> REQUIREMENT
Across the records that follow, count each line holding "half", and write only the total.

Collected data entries
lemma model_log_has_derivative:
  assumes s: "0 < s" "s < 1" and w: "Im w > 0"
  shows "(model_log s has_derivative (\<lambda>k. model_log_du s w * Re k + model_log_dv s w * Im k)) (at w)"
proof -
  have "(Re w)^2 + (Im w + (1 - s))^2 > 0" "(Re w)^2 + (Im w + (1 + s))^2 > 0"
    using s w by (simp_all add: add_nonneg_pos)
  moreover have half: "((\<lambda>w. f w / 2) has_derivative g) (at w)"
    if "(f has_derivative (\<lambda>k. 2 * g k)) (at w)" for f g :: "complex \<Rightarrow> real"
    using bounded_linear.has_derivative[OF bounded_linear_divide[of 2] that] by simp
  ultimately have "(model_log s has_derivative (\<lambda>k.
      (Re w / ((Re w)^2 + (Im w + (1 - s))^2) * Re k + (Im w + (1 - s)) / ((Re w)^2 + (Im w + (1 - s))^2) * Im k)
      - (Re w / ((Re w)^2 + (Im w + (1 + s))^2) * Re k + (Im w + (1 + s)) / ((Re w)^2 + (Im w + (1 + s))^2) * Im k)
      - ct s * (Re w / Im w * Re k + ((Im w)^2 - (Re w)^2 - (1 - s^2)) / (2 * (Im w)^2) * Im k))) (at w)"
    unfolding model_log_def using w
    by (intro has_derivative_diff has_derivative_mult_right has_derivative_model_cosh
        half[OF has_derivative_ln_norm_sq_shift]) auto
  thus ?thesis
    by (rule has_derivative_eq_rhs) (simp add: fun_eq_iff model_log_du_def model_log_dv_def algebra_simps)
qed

* * *

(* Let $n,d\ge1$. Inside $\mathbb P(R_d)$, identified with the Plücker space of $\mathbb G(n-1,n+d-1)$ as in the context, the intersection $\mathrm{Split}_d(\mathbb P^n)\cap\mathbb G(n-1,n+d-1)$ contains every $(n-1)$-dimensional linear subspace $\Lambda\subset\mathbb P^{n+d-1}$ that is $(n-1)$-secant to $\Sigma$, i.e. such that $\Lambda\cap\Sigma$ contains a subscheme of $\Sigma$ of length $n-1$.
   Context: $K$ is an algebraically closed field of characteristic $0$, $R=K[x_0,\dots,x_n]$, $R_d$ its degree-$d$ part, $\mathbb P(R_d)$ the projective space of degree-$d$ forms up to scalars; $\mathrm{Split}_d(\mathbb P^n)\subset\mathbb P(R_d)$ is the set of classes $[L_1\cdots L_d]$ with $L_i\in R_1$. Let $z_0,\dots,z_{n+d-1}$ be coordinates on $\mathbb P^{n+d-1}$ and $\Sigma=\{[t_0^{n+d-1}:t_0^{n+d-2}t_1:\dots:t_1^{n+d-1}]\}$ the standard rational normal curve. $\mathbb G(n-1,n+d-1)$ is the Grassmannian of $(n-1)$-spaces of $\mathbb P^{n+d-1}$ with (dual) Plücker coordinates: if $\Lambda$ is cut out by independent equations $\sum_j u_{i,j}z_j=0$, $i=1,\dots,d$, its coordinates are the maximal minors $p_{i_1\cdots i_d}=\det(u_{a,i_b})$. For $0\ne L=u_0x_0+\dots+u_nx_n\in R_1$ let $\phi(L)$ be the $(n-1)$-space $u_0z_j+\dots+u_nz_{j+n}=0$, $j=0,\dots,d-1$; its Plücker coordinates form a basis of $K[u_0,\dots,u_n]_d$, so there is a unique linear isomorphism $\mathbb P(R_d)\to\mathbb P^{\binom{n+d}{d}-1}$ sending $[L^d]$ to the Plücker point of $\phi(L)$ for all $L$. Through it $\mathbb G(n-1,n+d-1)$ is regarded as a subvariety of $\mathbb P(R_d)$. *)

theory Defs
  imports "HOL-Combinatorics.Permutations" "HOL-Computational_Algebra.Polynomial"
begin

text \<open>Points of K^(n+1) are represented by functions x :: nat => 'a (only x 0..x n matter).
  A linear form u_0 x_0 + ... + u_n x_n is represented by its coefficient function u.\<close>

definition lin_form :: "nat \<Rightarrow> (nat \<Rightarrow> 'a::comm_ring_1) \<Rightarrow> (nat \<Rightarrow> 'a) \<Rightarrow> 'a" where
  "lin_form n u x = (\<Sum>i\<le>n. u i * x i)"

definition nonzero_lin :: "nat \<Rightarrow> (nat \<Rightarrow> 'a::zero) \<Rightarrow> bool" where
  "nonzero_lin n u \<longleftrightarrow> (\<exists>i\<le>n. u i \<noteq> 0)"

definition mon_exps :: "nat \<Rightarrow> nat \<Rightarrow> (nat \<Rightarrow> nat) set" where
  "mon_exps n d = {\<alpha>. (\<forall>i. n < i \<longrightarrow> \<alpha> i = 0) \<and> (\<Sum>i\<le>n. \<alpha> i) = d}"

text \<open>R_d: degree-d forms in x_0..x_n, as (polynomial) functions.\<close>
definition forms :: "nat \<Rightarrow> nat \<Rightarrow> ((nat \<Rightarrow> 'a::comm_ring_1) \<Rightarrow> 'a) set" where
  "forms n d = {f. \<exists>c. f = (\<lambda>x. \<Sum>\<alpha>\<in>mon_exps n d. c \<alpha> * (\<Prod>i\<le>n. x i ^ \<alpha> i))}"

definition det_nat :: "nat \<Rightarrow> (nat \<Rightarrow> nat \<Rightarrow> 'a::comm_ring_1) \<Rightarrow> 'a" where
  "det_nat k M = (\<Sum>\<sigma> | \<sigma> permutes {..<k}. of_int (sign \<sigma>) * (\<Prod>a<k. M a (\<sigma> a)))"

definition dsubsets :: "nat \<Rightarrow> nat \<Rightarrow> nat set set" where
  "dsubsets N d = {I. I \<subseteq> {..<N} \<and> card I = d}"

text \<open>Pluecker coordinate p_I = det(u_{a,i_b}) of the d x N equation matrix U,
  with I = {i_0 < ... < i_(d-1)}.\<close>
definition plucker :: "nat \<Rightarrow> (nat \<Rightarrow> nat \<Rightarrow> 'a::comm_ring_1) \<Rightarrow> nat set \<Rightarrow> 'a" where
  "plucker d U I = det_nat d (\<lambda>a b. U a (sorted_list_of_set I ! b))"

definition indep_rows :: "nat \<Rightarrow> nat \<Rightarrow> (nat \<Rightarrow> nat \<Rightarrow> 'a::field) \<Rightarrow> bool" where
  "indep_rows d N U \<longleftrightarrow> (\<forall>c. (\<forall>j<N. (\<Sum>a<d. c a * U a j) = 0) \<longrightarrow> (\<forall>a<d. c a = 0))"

---

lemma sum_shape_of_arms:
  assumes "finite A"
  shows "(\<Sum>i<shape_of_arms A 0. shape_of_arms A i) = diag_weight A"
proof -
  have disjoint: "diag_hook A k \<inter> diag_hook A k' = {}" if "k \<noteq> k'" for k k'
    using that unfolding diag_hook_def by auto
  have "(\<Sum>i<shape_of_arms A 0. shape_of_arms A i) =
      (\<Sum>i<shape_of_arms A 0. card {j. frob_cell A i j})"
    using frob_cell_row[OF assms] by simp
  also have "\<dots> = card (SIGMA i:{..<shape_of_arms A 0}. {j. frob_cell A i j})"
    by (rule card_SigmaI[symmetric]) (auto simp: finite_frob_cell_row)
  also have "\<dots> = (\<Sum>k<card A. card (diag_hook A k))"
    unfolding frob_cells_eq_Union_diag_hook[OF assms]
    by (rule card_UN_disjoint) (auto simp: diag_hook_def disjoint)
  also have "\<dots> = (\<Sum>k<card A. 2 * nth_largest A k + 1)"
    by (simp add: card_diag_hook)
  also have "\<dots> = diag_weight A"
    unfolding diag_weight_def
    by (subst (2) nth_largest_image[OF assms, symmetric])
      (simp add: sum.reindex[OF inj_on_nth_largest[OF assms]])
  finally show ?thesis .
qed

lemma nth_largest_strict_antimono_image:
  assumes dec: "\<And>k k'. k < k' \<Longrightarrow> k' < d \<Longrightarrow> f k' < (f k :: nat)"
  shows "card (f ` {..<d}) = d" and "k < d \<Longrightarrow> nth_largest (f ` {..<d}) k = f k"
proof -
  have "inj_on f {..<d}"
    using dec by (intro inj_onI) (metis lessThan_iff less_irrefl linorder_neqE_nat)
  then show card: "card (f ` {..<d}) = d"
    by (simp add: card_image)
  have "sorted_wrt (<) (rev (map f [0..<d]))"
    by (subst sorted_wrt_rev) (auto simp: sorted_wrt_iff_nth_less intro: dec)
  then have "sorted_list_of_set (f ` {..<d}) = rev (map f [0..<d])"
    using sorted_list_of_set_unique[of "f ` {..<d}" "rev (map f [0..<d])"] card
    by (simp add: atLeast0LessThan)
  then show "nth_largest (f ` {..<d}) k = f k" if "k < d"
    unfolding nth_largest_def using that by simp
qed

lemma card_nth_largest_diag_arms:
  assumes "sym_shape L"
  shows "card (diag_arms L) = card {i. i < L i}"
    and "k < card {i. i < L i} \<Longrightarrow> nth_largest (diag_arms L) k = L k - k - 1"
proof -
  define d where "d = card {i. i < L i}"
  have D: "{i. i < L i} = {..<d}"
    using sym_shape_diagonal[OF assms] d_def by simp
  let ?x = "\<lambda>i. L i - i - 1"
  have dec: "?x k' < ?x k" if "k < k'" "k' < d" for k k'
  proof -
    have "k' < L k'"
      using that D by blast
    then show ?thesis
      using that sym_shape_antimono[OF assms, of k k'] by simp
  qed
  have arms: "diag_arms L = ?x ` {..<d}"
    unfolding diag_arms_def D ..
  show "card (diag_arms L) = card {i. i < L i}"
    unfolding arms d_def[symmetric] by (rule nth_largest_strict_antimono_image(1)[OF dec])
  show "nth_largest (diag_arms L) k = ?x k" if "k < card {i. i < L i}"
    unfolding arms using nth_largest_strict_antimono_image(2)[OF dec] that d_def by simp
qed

> EXERCISE SOLUTION
2